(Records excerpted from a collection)
'''

lemma card_sums_base_values_le:
  assumes "1 \<le> s"
  shows "card ((\<lambda>t. \<Sum>l<s. base_value n i (\<lambda>j. A + d * t l j)) ` PiE {..<s} (\<lambda>_. PiE {1..i} (\<lambda>_. {..<k})))
    \<le> (s * k) ^ i"
proof -
  let ?M = "PiE {1..i} (\<lambda>_. {..<s * k})"
  have "(\<lambda>t. \<Sum>l<s. base_value n i (\<lambda>j. A + d * t l j)) ` PiE {..<s} (\<lambda>_. PiE {1..i} (\<lambda>_. {..<k}))
      \<subseteq> (\<lambda>M. base_value n i (\<lambda>j. s * A + d * M j)) ` ?M"
  proof clarify
    fix t assume t: "t \<in> PiE {..<s} (\<lambda>_. PiE {1..i} (\<lambda>_. {..<k}))"
    define M where "M = restrict (\<lambda>j. \<Sum>l<s. t l j) {1..i}"
    have "(\<Sum>l<s. t l j) < (\<Sum>l<s. k)" if "j \<in> {1..i}" for j
      using t that assms by (intro sum_strict_mono) (auto simp: PiE_iff lessThan_empty_iff)
    then have "M \<in> ?M"
      by (auto simp: M_def mult.commute)
    moreover have "(\<Sum>l<s. base_value n i (\<lambda>j. A + d * t l j)) = base_value n i (\<lambda>j. s * A + d * M j)"
      unfolding base_value_sum by (simp add: base_value_def M_def sum.distrib sum_distrib_left)
    ultimately show "(\<Sum>l<s. base_value n i (\<lambda>j. A + d * t l j)) \<in> (\<lambda>M. base_value n i (\<lambda>j. s * A + d * M j)) ` ?M"
      by blast
  qed
  then have "card ((\<lambda>t. \<Sum>l<s. base_value n i (\<lambda>j. A + d * t l j)) ` PiE {..<s} (\<lambda>_. PiE {1..i} (\<lambda>_. {..<k})))
      \<le> card ((\<lambda>M. base_value n i (\<lambda>j. s * A + d * M j)) ` ?M)"
    by (intro card_mono finite_imageI finite_PiE) auto
  also have "\<dots> \<le> card ?M"
    by (intro card_image_le finite_PiE) auto
  finally show ?thesis
    by (simp add: card_PiE)
qed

'''

Task to complete —
Each of the entries above needs to be given again exactly.

Solved problem —
lemma card_sums_base_values_le:
  assumes "1 \<le> s"
  shows "card ((\<lambda>t. \<Sum>l<s. base_value n i (\<lambda>j. A + d * t l j)) ` PiE {..<s} (\<lambda>_. PiE {1..i} (\<lambda>_. {..<k})))
    \<le> (s * k) ^ i"
proof -
  let ?M = "PiE {1..i} (\<lambda>_. {..<s * k})"
  have "(\<lambda>t. \<Sum>l<s. base_value n i (\<lambda>j. A + d * t l j)) ` PiE {..<s} (\<lambda>_. PiE {1..i} (\<lambda>_. {..<k}))
      \<subseteq> (\<lambda>M. base_value n i (\<lambda>j. s * A + d * M j)) ` ?M"
  proof clarify
    fix t assume t: "t \<in> PiE {..<s} (\<lambda>_. PiE {1..i} (\<lambda>_. {..<k}))"
    define M where "M = restrict (\<lambda>j. \<Sum>l<s. t l j) {1..i}"
    have "(\<Sum>l<s. t l j) < (\<Sum>l<s. k)" if "j \<in> {1..i}" for j
      using t that assms by (intro sum_strict_mono) (auto simp: PiE_iff lessThan_empty_iff)
    then have "M \<in> ?M"
      by (auto simp: M_def mult.commute)
    moreover have "(\<Sum>l<s. base_value n i (\<lambda>j. A + d * t l j)) = base_value n i (\<lambda>j. s * A + d * M j)"
      unfolding base_value_sum by (simp add: base_value_def M_def sum.distrib sum_distrib_left)
    ultimately show "(\<Sum>l<s. base_value n i (\<lambda>j. A + d * t l j)) \<in> (\<lambda>M. base_value n i (\<lambda>j. s * A + d * M j)) ` ?M"
      by blast
  qed
  then have "card ((\<lambda>t. \<Sum>l<s. base_value n i (\<lambda>j. A + d * t l j)) ` PiE {..<s} (\<lambda>_. PiE {1..i} (\<lambda>_. {..<k})))
      \<le> card ((\<lambda>M. base_value n i (\<lambda>j. s * A + d * M j)) ` ?M)"
    by (intro card_mono finite_imageI finite_PiE) auto
  also have "\<dots> \<le> card ?M"
    by (intro card_image_le finite_PiE) auto
  finally show ?thesis
    by (simp add: card_PiE)
qed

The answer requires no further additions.